I lived with mine so the only calls were for grocery needs or unexpected delays.  By the time Mum went into aged care a phone call was a waste of time as she was too deaf for intelligible conversation anyway.  No kids either so a phone isn't as essential an item to me as to some.   

Living alone means I don't talk much so the voice gives out after about 15mins of chatty calls with friends.  Bit embarrassing.


----------



## MercyL (Sep 13, 2013)

Amethyst1 said:


> I am curious, how often and how long do you talk to your mother or father on the phone?
> Does he or she call you or do you call them? Assuming this is personal, not business.
> I don'thave a cell phone and don't want one because I don't like getting many calls.
> But I know who is calling and sometimes I don't answer or call back right away.
> ...




I finally had to limit conversations with my mother. I call her back one or two days after she leaves a message. Most of her calls consist of her wanting to discuss things that I find way too stressful. When the first Gulf War started, she could not wait to call me to talk about my sons being drafted if the draft was reinstated.

It's like being poked with a stick.

So, now, I let her leave a message on the answering machine, then I call her back a day or two later. If she needs something important, she leaves a complete message and I'll call her back within a couple of hours. Usually, she has called out of boredom and after about 30 hours, forgets why she called. She has forgotten what stick she wanted to poke me with. LOL.

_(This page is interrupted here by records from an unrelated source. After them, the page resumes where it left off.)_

definition is_functor :: "('a,'b) moncat \<Rightarrow> ('c,'d) moncat \<Rightarrow> ('a,'b,'c,'d) cmf \<Rightarrow> bool" where
  "is_functor C D F \<longleftrightarrow>
     (\<forall>A\<in>Ob C. cfo F A \<in> Ob D) \<and>
     (\<forall>A\<in>Ob C. \<forall>B\<in>Ob C. \<forall>f\<in>hom C A B. cfm F f \<in> hom D (cfo F A) (cfo F B)) \<and>
     (\<forall>A\<in>Ob C. cfm F (Idm C A) = Idm D (cfo F A)) \<and>
     (\<forall>f\<in>Ar C. \<forall>g\<in>Ar C. Dm C g = Cd C f \<longrightarrow> cfm F (Cmp C g f) = Cmp D (cfm F g) (cfm F f))"

definition comonoidal_functor :: "('a,'b) moncat \<Rightarrow> ('c,'d) moncat \<Rightarrow> ('a,'b,'c,'d) cmf \<Rightarrow> bool" where
  "comonoidal_functor C D F \<longleftrightarrow>
     is_functor C D F \<and>
     (\<forall>X\<in>Ob C. \<forall>Y\<in>Ob C. cf2 F X Y \<in> hom D (cfo F (Tn C X Y)) (Tn D (cfo F X) (cfo F Y))) \<and>
     cf0 F \<in> hom D (cfo F (UnitOb C)) (UnitOb D) \<and>
     (\<forall>f\<in>Ar C. \<forall>g\<in>Ar C.
        Cmp D (TnM D (cfm F f) (cfm F g)) (cf2 F (Dm C f) (Dm C g))
        = Cmp D (cf2 F (Cd C f) (Cd C g)) (cfm F (TnM C f g))) \<and>
     (\<forall>X\<in>Ob C. \<forall>Y\<in>Ob C. \<forall>Z\<in>Ob C.
        Cmp D (TnM D (cf2 F X Y) (Idm D (cfo F Z))) (cf2 F (Tn C X Y) Z)
        = Cmp D (TnM D (Idm D (cfo F X)) (cf2 F Y Z)) (cf2 F X (Tn C Y Z))) \<and>
     (\<forall>X\<in>Ob C.
        Cmp D (TnM D (Idm D (cfo F X)) (cf0 F)) (cf2 F X (UnitOb C)) = Idm D (cfo F X) \<and>
        Cmp D (TnM D (cf0 F) (Idm D (cfo F X))) (cf2 F (UnitOb C) X) = Idm D (cfo F X))"

definition strong_with_inverse ::
  "('a,'b) moncat \<Rightarrow> ('c,'d) moncat \<Rightarrow> ('a,'b,'c,'d) cmf \<Rightarrow> ('a \<Rightarrow> 'a \<Rightarrow> 'd) \<Rightarrow> bool" where
  "strong_with_inverse C D F Finv2 \<longleftrightarrow>
     iso D (cf0 F) \<and>
     (\<forall>X\<in>Ob C. \<forall>Y\<in>Ob C.
        Finv2 X Y \<in> hom D (Tn D (cfo F X) (cfo F Y)) (cfo F (Tn C X Y)) \<and>
        Cmp D (Finv2 X Y) (cf2 F X Y) = Idm D (cfo F (Tn C X Y)) \<and>
        Cmp D (cf2 F X Y) (Finv2 X Y) = Idm D (Tn D (cfo F X) (cfo F Y)))"

definition cmf_id :: "('a,'b) moncat \<Rightarrow> ('a,'b,'a,'b) cmf" where
  "cmf_id C = \<lparr>cfo = id, cfm = id, cf2 = (\<lambda>X Y. Idm C (Tn C X Y)), cf0 = Idm C (UnitOb C)\<rparr>"

definition cmf_comp :: "('e,'f) moncat \<Rightarrow> ('c,'d,'e,'f) cmf \<Rightarrow> ('a,'b,'c,'d) cmf \<Rightarrow> ('a,'b,'e,'f) cmf" where
  "cmf_comp E G F = \<lparr>cfo = cfo G \<circ> cfo F, cfm = cfm G \<circ> cfm F,
      cf2 = (\<lambda>X Y. Cmp E (cf2 G (cfo F X) (cfo F Y)) (cfm G (cf2 F X Y))),
      cf0 = Cmp E (cf0 G) (cfm G (cf0 F))\<rparr>"

definition nat_trans ::
  "('a,'b) moncat \<Rightarrow> ('c,'d) moncat \<Rightarrow> ('a,'b,'c,'d) cmf \<Rightarrow> ('a,'b,'c,'d) cmf \<Rightarrow> ('a \<Rightarrow> 'd) \<Rightarrow> bool" where
  "nat_trans C D F K \<alpha> \<longleftrightarrow>
     (\<forall>A\<in>Ob C. \<alpha> A \<in> hom D (cfo F A) (cfo K A)) \<and>
     (\<forall>f\<in>Ar C. Cmp D (\<alpha> (Cd C f)) (cfm F f) = Cmp D (cfm K f) (\<alpha> (Dm C f)))"

definition comonoidal_transformation ::
  "('a,'b) moncat \<Rightarrow> ('c,'d) moncat \<Rightarrow> ('a,'b,'c,'d) cmf \<Rightarrow> ('a,'b,'c,'d) cmf \<Rightarrow> ('a \<Rightarrow> 'd) \<Rightarrow> bool" where
  "comonoidal_transformation C D F K \<alpha> \<longleftrightarrow>
     nat_trans C D F K \<alpha> \<and>
     (\<forall>X\<in>Ob C. \<forall>Y\<in>Ob C.
        Cmp D (TnM D (\<alpha> X) (\<alpha> Y)) (cf2 F X Y) = Cmp D (cf2 K X Y) (\<alpha> (Tn C X Y))) \<and>
     Cmp D (cf0 K) (\<alpha> (UnitOb C)) = cf0 F"

definition adjunction ::
  "('a,'b) moncat \<Rightarrow> ('c,'d) moncat \<Rightarrow> ('a,'b,'c,'d) cmf \<Rightarrow> ('c,'d,'a,'b) cmf
     \<Rightarrow> ('a \<Rightarrow> 'b) \<Rightarrow> ('c \<Rightarrow> 'd) \<Rightarrow> bool" where
  "adjunction C D Fb F \<eta> \<epsilon> \<longleftrightarrow>
     is_functor C D Fb \<and> is_functor D C F \<and>
     nat_trans C C (cmf_id C) (cmf_comp C F Fb) \<eta> \<and>
     nat_trans D D (cmf_comp D Fb F) (cmf_id D) \<epsilon> \<and>
     (\<forall>X\<in>Ob D. Cmp C (cfm F (\<epsilon> X)) (\<eta> (cfo F X)) = Idm C (cfo F X)) \<and>
     (\<forall>V\<in>Ob C. Cmp D (\<epsilon> (cfo Fb V)) (cfm Fb (\<eta> V)) = Idm D (cfo Fb V))"

definition lax_half_braiding ::
  "('a,'b) moncat \<Rightarrow> ('a,'b,'a,'b) cmf \<Rightarrow> 'a \<Rightarrow> ('a \<Rightarrow> 'b) \<Rightarrow> bool" where
  "lax_half_braiding C H X \<gamma> \<longleftrightarrow>
     X \<in> Ob C \<and>
     (\<forall>V\<in>Ob C. \<gamma> V \<in> hom C (Tn C X V) (Tn C (cfo H V) X)) \<and>
     (\<forall>v\<in>Ar C. Cmp C (\<gamma> (Cd C v)) (TnM C (Idm C X) v)
                = Cmp C (TnM C (cfm H v) (Idm C X)) (\<gamma> (Dm C v))) \<and>
     (\<forall>V\<in>Ob C. \<forall>W\<in>Ob C.
        Cmp C (TnM C (cf2 H V W) (Idm C X)) (\<gamma> (Tn C V W))
        = Cmp C (TnM C (Idm C (cfo H V)) (\<gamma> W)) (TnM C (\<gamma> V) (Idm C W))) \<and>
     Cmp C (TnM C (cf0 H) (Idm C X)) (\<gamma> (UnitOb C)) = Idm C X"

definition lax_Z_mor ::
  "('a,'b) moncat \<Rightarrow> ('a,'b,'a,'b) cmf \<Rightarrow> 'a \<Rightarrow> ('a \<Rightarrow> 'b) \<Rightarrow> 'a \<Rightarrow> ('a \<Rightarrow> 'b) \<Rightarrow> 'b \<Rightarrow> bool" where
  "lax_Z_mor C H X1 \<gamma>1 X2 \<gamma>2 f \<longleftrightarrow>
     f \<in> hom C X1 X2 \<and>
     (\<forall>V\<in>Ob C. Cmp C (TnM C (Idm C (cfo H V)) f) (\<gamma>1 V) = Cmp C (\<gamma>2 V) (TnM C f (Idm C V)))"

definition induced_gamma ::
  "('a,'b) moncat \<Rightarrow> ('c,'d,'a,'b) cmf \<Rightarrow> ('c \<Rightarrow> 'c \<Rightarrow> 'b) \<Rightarrow> ('a,'b,'c,'d) cmf
     \<Rightarrow> ('c,'d,'c,'d) cmf \<Rightarrow> ('a \<Rightarrow> 'b) \<Rightarrow> 'c \<Rightarrow> ('c \<Rightarrow> 'd) \<Rightarrow> 'a \<Rightarrow> 'b" where
  "induced_gamma C F Finv2 Fb G \<eta> X \<gamma> V =
     Cmp C (cf2 F (cfo G (cfo Fb V)) X)
       (Cmp C (cfm F (\<gamma> (cfo Fb V)))
          (Cmp C (Finv2 X (cfo Fb V)) (TnM C (Idm C (cfo F X)) (\<eta> V))))"

end

theory Submission
  imports Defs
begin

My father died about 5 years ago, and I could not bear talking to him at all.


----------



## nan (Sep 13, 2013)

I like to talk to my children on the phone,and try to talk to all of them at least once a week  if we dont see them.


----------



## Amethyst1 (Sep 14, 2013)

I can relate to this, Mercy. My mother calls out of boredom or loneliness and then forgets why she called.
And she usually has much advice about stuff whether she knows or not.


----------